──────── PROVIDED ENTRIES

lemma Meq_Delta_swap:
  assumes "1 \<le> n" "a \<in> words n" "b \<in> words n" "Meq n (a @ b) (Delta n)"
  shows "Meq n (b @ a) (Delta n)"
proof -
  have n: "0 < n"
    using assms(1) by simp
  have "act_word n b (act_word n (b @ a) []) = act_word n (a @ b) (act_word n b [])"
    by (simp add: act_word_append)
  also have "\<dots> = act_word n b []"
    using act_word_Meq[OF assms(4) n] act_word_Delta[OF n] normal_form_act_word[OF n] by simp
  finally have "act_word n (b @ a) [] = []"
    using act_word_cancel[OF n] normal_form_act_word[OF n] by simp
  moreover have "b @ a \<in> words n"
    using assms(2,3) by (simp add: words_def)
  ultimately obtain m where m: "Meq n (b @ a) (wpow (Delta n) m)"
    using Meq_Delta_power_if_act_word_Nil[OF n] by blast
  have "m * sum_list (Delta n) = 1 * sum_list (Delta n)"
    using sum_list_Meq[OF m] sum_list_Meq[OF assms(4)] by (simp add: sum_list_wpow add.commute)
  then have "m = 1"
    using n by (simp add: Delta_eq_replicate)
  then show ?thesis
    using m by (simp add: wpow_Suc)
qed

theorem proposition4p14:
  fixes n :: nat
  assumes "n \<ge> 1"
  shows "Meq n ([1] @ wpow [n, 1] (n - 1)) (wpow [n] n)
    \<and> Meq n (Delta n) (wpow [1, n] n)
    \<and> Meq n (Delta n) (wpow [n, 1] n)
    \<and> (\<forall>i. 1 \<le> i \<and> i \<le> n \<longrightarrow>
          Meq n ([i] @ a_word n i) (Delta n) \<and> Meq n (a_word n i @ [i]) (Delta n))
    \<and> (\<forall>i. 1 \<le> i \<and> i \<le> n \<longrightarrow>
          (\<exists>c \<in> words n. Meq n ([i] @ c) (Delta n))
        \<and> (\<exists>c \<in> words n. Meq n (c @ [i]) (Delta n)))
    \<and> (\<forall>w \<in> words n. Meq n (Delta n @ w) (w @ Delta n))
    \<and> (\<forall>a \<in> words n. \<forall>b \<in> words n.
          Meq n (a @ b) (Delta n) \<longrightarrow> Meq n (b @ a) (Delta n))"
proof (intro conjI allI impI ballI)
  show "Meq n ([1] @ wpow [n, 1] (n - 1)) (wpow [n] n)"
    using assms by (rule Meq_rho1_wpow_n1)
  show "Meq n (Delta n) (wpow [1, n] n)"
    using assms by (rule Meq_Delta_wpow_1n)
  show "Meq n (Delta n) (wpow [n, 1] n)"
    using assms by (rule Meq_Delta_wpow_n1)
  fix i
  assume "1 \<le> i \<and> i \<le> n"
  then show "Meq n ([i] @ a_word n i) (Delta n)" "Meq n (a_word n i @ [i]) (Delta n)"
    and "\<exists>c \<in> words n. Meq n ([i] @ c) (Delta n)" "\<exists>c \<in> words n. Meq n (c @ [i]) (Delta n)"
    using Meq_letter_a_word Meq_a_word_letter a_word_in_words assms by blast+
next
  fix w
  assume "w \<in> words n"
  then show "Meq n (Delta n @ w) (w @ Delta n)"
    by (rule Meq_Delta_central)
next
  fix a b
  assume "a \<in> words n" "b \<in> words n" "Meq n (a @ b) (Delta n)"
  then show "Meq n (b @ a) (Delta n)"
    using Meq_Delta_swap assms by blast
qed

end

────────────────

Lines from the one containing "using assms by (rule Meq_Delta_wpow_n1)" to the end of the data are to be printed exactly, including the first and last.

    using assms by (rule Meq_Delta_wpow_n1)
  fix i
  assume "1 \<le> i \<and> i \<le> n"
  then show "Meq n ([i] @ a_word n i) (Delta n)" "Meq n (a_word n i @ [i]) (Delta n)"
    and "\<exists>c \<in> words n. Meq n ([i] @ c) (Delta n)" "\<exists>c \<in> words n. Meq n (c @ [i]) (Delta n)"
    using Meq_letter_a_word Meq_a_word_letter a_word_in_words assms by blast+
next
  fix w
  assume "w \<in> words n"
  then show "Meq n (Delta n @ w) (w @ Delta n)"
    by (rule Meq_Delta_central)
next
  fix a b
  assume "a \<in> words n" "b \<in> words n" "Meq n (a @ b) (Delta n)"
  then show "Meq n (b @ a) (Delta n)"
    using Meq_Delta_swap assms by blast
qed

end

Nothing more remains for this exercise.